• TO DO: Quote, without any change, the line that contains "by linarith+" and all lines that follow it to the end of the data below.

• DATA RECORDS:

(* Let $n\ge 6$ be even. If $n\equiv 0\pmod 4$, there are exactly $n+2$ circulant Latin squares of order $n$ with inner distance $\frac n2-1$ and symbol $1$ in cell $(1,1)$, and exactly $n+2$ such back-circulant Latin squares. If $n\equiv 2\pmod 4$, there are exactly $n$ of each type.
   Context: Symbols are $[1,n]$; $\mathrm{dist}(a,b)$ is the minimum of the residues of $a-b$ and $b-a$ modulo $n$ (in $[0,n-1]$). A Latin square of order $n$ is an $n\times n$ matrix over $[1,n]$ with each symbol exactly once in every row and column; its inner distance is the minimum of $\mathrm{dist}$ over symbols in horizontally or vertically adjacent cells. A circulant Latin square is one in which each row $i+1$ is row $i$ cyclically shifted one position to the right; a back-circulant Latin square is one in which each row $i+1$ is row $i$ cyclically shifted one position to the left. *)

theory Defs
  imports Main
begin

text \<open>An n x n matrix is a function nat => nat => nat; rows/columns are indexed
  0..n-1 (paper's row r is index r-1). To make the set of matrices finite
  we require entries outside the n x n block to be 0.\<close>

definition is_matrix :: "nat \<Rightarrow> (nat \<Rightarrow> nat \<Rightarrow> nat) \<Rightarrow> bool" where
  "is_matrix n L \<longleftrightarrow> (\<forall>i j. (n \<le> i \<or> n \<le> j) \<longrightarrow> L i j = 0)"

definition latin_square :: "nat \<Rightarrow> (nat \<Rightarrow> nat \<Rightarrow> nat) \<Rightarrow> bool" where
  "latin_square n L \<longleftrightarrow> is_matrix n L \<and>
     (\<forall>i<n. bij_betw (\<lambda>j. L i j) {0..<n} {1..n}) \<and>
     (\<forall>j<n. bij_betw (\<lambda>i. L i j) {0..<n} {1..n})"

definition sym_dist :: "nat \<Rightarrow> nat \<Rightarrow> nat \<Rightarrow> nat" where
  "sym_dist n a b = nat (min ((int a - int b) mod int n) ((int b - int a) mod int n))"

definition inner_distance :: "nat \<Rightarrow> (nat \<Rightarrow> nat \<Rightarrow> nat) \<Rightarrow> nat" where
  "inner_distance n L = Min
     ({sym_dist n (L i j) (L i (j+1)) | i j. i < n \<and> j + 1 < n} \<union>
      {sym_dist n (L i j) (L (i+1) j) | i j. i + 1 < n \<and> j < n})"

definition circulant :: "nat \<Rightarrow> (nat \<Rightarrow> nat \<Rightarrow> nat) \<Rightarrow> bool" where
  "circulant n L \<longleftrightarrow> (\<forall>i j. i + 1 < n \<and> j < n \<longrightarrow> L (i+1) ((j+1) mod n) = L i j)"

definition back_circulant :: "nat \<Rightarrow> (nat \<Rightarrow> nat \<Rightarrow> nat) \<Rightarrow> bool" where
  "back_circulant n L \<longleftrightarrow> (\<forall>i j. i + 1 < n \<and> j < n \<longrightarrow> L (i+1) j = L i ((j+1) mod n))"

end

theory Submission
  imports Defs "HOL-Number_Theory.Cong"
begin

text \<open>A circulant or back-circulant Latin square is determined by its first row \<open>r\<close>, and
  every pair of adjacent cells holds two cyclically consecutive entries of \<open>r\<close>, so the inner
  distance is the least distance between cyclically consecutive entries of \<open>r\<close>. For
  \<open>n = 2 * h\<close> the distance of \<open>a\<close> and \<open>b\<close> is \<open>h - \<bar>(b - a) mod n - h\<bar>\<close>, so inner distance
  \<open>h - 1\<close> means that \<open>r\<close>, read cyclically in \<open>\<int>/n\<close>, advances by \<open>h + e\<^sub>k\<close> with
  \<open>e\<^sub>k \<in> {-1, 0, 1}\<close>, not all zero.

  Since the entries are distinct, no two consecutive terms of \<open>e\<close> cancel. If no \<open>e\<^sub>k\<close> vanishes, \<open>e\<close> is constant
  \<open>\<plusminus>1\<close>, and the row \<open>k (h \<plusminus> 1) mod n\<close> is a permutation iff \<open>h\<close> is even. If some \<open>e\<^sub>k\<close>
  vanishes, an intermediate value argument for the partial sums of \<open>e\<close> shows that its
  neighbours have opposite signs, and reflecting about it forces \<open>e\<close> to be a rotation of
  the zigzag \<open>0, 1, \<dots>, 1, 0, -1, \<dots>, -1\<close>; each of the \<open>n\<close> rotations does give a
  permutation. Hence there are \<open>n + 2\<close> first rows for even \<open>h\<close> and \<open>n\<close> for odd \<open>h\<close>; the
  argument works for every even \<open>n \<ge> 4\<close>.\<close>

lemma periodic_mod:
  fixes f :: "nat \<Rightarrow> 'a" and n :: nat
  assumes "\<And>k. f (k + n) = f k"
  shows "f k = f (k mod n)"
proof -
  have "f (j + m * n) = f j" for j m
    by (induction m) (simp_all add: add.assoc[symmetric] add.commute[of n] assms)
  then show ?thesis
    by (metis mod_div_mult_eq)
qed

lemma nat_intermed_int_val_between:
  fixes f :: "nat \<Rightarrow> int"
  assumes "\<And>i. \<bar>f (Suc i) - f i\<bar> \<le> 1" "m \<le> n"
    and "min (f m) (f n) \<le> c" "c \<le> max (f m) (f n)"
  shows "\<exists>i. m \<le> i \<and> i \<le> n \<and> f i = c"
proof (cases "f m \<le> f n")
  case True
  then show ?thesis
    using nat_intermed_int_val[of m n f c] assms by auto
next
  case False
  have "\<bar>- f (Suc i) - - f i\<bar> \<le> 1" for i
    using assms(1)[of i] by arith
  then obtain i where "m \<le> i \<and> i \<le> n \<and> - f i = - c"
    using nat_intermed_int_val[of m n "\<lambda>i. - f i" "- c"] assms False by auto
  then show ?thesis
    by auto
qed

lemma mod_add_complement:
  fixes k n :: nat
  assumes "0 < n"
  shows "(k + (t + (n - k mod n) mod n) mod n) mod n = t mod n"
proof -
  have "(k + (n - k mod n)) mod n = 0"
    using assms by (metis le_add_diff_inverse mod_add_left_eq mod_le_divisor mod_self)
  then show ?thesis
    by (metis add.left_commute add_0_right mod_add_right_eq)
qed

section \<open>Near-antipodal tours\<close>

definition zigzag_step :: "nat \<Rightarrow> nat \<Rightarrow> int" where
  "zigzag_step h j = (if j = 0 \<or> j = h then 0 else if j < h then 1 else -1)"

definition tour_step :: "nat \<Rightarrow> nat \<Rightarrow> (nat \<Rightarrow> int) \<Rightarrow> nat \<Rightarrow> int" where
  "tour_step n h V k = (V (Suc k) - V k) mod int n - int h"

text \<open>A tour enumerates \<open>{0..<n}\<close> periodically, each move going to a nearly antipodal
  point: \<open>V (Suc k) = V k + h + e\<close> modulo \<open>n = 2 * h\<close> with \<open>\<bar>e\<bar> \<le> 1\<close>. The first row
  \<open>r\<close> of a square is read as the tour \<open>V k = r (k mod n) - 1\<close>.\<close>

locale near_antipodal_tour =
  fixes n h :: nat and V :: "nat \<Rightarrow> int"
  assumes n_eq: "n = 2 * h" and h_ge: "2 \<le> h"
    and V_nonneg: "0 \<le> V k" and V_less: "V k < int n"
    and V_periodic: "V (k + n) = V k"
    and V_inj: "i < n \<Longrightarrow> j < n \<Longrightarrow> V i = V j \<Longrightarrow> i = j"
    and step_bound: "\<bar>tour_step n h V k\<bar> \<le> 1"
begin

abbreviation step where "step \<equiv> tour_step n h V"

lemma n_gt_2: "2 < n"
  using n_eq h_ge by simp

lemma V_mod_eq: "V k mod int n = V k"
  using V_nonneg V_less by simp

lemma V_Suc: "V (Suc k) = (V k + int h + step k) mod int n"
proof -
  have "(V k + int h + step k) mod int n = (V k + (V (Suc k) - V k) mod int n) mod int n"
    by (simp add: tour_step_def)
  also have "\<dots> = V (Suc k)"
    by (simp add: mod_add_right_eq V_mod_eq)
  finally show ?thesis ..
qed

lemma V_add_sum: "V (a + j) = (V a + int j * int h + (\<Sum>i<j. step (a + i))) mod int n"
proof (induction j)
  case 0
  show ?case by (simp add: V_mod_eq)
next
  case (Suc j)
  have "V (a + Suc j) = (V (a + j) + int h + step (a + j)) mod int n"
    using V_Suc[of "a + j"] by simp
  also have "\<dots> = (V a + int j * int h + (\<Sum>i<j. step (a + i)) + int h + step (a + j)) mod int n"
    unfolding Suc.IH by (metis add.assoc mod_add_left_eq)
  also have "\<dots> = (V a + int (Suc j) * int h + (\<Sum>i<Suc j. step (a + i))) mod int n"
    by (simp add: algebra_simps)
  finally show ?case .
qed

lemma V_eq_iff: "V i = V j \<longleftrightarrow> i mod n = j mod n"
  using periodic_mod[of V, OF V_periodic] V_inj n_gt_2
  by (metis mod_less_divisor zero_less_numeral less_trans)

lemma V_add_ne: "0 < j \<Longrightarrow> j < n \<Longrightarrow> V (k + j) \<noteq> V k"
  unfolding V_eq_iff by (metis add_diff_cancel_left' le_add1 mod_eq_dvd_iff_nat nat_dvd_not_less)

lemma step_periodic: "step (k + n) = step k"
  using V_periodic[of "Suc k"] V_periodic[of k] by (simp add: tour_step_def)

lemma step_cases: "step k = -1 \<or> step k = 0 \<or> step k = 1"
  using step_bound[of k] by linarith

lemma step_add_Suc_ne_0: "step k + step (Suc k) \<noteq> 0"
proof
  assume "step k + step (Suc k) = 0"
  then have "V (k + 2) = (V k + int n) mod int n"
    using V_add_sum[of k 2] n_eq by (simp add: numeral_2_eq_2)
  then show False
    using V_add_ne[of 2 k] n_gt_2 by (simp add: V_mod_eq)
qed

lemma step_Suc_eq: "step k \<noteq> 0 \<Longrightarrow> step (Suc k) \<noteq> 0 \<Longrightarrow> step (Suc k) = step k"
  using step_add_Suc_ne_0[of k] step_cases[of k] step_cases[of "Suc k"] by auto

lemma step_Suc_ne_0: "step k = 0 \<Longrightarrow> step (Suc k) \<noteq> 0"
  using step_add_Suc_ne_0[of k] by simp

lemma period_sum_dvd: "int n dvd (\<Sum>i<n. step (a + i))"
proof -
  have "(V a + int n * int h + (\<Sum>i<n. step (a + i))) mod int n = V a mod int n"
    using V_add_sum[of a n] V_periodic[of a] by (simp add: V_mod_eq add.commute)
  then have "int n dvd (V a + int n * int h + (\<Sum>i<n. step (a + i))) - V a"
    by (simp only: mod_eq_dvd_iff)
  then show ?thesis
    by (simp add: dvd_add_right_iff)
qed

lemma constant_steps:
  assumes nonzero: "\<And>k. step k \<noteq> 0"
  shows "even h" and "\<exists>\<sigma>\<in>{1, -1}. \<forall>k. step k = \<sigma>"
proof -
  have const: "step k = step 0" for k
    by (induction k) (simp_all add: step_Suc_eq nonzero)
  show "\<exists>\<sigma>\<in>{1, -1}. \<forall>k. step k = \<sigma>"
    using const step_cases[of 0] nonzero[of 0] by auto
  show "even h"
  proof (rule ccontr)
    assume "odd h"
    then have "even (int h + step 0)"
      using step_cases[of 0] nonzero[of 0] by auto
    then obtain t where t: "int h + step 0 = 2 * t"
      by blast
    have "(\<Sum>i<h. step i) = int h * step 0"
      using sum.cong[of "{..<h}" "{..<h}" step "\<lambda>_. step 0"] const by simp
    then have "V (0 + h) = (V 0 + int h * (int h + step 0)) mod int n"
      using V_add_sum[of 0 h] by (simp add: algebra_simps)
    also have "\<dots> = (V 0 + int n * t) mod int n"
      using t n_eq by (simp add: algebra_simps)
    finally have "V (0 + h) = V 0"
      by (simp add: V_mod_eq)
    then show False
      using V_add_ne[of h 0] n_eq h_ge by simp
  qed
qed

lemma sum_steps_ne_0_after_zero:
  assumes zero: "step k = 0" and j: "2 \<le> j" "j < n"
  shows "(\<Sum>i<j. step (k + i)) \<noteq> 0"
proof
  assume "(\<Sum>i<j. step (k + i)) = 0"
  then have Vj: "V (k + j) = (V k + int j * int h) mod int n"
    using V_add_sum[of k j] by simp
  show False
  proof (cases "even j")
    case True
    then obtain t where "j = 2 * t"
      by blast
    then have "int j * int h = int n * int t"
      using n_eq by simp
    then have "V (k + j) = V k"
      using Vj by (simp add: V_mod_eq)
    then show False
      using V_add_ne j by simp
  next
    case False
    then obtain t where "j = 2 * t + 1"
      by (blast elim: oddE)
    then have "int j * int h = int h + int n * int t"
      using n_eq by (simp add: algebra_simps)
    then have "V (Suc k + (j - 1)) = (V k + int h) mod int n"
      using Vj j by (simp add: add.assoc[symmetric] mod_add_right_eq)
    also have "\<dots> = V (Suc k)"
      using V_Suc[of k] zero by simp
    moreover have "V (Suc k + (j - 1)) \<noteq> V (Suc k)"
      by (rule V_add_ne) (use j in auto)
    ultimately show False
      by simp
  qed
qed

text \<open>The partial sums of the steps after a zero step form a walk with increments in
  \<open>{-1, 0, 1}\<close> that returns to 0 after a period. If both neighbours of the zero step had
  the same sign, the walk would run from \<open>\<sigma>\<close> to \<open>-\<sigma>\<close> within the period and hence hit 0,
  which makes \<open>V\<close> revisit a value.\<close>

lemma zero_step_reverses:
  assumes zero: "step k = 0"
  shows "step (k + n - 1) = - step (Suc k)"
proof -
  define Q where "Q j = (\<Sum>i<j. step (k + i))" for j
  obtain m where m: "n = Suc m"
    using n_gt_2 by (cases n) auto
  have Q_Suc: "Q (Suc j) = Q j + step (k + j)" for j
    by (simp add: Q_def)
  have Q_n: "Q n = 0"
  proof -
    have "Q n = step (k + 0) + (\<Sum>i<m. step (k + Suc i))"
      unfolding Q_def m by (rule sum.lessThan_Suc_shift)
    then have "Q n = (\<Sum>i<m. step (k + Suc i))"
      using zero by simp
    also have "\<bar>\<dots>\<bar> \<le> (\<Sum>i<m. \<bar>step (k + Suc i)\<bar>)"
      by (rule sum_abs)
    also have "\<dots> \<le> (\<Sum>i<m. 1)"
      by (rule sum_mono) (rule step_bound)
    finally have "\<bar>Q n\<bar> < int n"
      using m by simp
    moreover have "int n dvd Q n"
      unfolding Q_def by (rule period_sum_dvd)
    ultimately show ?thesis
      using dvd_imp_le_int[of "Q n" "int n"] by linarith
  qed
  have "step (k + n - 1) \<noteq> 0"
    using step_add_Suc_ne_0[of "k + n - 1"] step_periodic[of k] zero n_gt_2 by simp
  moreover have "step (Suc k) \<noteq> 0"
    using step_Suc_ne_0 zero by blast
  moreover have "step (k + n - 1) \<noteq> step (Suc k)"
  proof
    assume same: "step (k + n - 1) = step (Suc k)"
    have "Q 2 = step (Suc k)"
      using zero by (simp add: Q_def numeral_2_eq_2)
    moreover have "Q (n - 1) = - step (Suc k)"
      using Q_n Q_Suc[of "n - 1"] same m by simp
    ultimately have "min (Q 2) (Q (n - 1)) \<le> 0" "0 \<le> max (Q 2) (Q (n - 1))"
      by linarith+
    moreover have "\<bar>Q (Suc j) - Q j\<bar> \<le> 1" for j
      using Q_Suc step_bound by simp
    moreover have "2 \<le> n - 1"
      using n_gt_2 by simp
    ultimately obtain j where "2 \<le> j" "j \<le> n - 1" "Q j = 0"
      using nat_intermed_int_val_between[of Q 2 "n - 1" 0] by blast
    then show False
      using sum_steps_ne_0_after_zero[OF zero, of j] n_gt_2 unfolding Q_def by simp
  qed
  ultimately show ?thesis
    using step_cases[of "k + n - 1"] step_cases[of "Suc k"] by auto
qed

• EXERCISE RESPONSE:
      by linarith+
    moreover have "\<bar>Q (Suc j) - Q j\<bar> \<le> 1" for j
      using Q_Suc step_bound by simp
    moreover have "2 \<le> n - 1"
      using n_gt_2 by simp
    ultimately obtain j where "2 \<le> j" "j \<le> n - 1" "Q j = 0"
      using nat_intermed_int_val_between[of Q 2 "n - 1" 0] by blast
    then show False
      using sum_steps_ne_0_after_zero[OF zero, of j] n_gt_2 unfolding Q_def by simp
  qed
  ultimately show ?thesis
    using step_cases[of "k + n - 1"] step_cases[of "Suc k"] by auto
qed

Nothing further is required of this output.